YOUR SOLIN GENERATED RECIPE
Seared Salmon with Steamed Asparagus and Brown Rice
Pan-seared salmon fillet served over nutty brown rice and tender asparagus, finished with a squeeze of fresh lemon and a sprinkle of fragrant dill.
INGREDIENTS
5 ounces Salmon Fillet
0.5 cup cooked Brown Rice
1 cup Asparagus spears
1 teaspoon Olive Oil
0.5 fresh Lemon
1 teaspoon fresh Dill
PREPARATION
Pat the salmon fillet dry with a paper towel and season both sides with sea salt and black pepper.
Heat the olive oil in a non-stick skillet over medium-high heat until shimmering.
Place the salmon skin-side down in the hot pan and sear for 4 minutes until the skin is perfectly crisp.
Flip the salmon carefully and cook for an additional 2-3 minutes until the center is just opaque and the fish flakes easily.

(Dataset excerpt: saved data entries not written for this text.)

(* Let $\mathbf{P}=(p_{i,j})_{i,j=0}^{d}$, $d\ge 1$, be the transition matrix of an ergodic (irreducible and aperiodic) discrete-time Markov chain on the finite state space $\{0,1,\dots,d\}$ whose eigenvalues are all simple, and let $\boldsymbol{\pi}=(\pi_0,\dots,\pi_d)$ be its stationary distribution. Let $Y_1,Y_2,\dots,Y_{W+1}$ ($W\ge 1$) be the chain started in stationarity ($Y_1\sim\boldsymbol{\pi}$), and for states $i,j$ let $N_{i,j}=\sum_{t=1}^{W}\mathbf{1}_{\{Y_t=i,\,Y_{t+1}=j\}}$. Write $\mathbf{P}=\mathbf{U}\,\mathrm{diag}(\lambda_0,\dots,\lambda_d)\,\mathbf{U}^{-1}$, where $\lambda_0=1$, the columns of $\mathbf{U}=(u_{jr})$ are right eigenvectors, $v_{ri}$ denotes the $(r,i)$ entry of $\mathbf{U}^{-1}$, and the non-unit eigenvalues are indexed so that $|1-\lambda_1|\le|1-\lambda_r|$ for all $r=1,\dots,d$. Define $c_{j,i}=\sum_{r=1}^{d}|u_{jr}v_{ri}|$. Then for all states $i,j$: $$\mathrm{Var}\!\left[\frac{N_{i,j}}{W}\right]\le \pi_i p_{i,j}\left(\frac{1-\pi_i p_{i,j}}{W}+2p_{i,j}c_{j,i}\frac{2+W|1-\lambda_1|}{W^2|1-\lambda_1|^2}\right),$$ and for all states $i$ and $j\neq j'$: $$\mathrm{Cov}\!\left[\frac{N_{i,j}}{W},\frac{N_{i,j'}}{W}\right]\le \pi_i p_{i,j}p_{i,j'}\left(-\frac{\pi_i}{W}+(c_{j,i}+c_{j',i})\frac{2+W|1-\lambda_1|}{W^2|1-\lambda_1|^2}\right).$$
   Context: Here $\mathbf{1}_{\{\cdot\}}$ is the indicator function. The quantities $c_{j,i}$ do not depend on the scaling chosen for the eigenvectors. *)

theory Defs
  imports Complex_Main "Jordan_Normal_Form.Matrix" "HOL-Library.FuncSet"
begin

definition stochastic_mat :: "nat \<Rightarrow> real mat \<Rightarrow> bool" where
  "stochastic_mat d P \<longleftrightarrow> P \<in> carrier_mat (d+1) (d+1) \<and>
     (\<forall>i\<le>d. \<forall>j\<le>d. P $$ (i,j) \<ge> 0) \<and>
     (\<forall>i\<le>d. (\<Sum>j\<le>d. P $$ (i,j)) = 1)"

definition irreducible_mc :: "nat \<Rightarrow> real mat \<Rightarrow> bool" where
  "irreducible_mc d P \<longleftrightarrow> (\<forall>i\<le>d. \<forall>j\<le>d. \<exists>n. (P ^\<^sub>m n) $$ (i,j) > 0)"

definition aperiodic_mc :: "nat \<Rightarrow> real mat \<Rightarrow> bool" where
  "aperiodic_mc d P \<longleftrightarrow> (\<forall>i\<le>d. Gcd {n::nat. n \<ge> 1 \<and> (P ^\<^sub>m n) $$ (i,i) > 0} = 1)"

definition ergodic_mc :: "nat \<Rightarrow> real mat \<Rightarrow> bool" where
  "ergodic_mc d P \<longleftrightarrow> stochastic_mat d P \<and> irreducible_mc d P \<and> aperiodic_mc d P"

While the salmon cooks, steam the asparagus spears over boiling water for 4-5 minutes until they are vibrant green and tender-crisp.
Warm the pre-cooked brown rice in a small saucepan or microwave until fluffy.
Plate the brown rice and asparagus, top with the seared salmon fillet, and garnish with a generous squeeze of fresh lemon and chopped dill.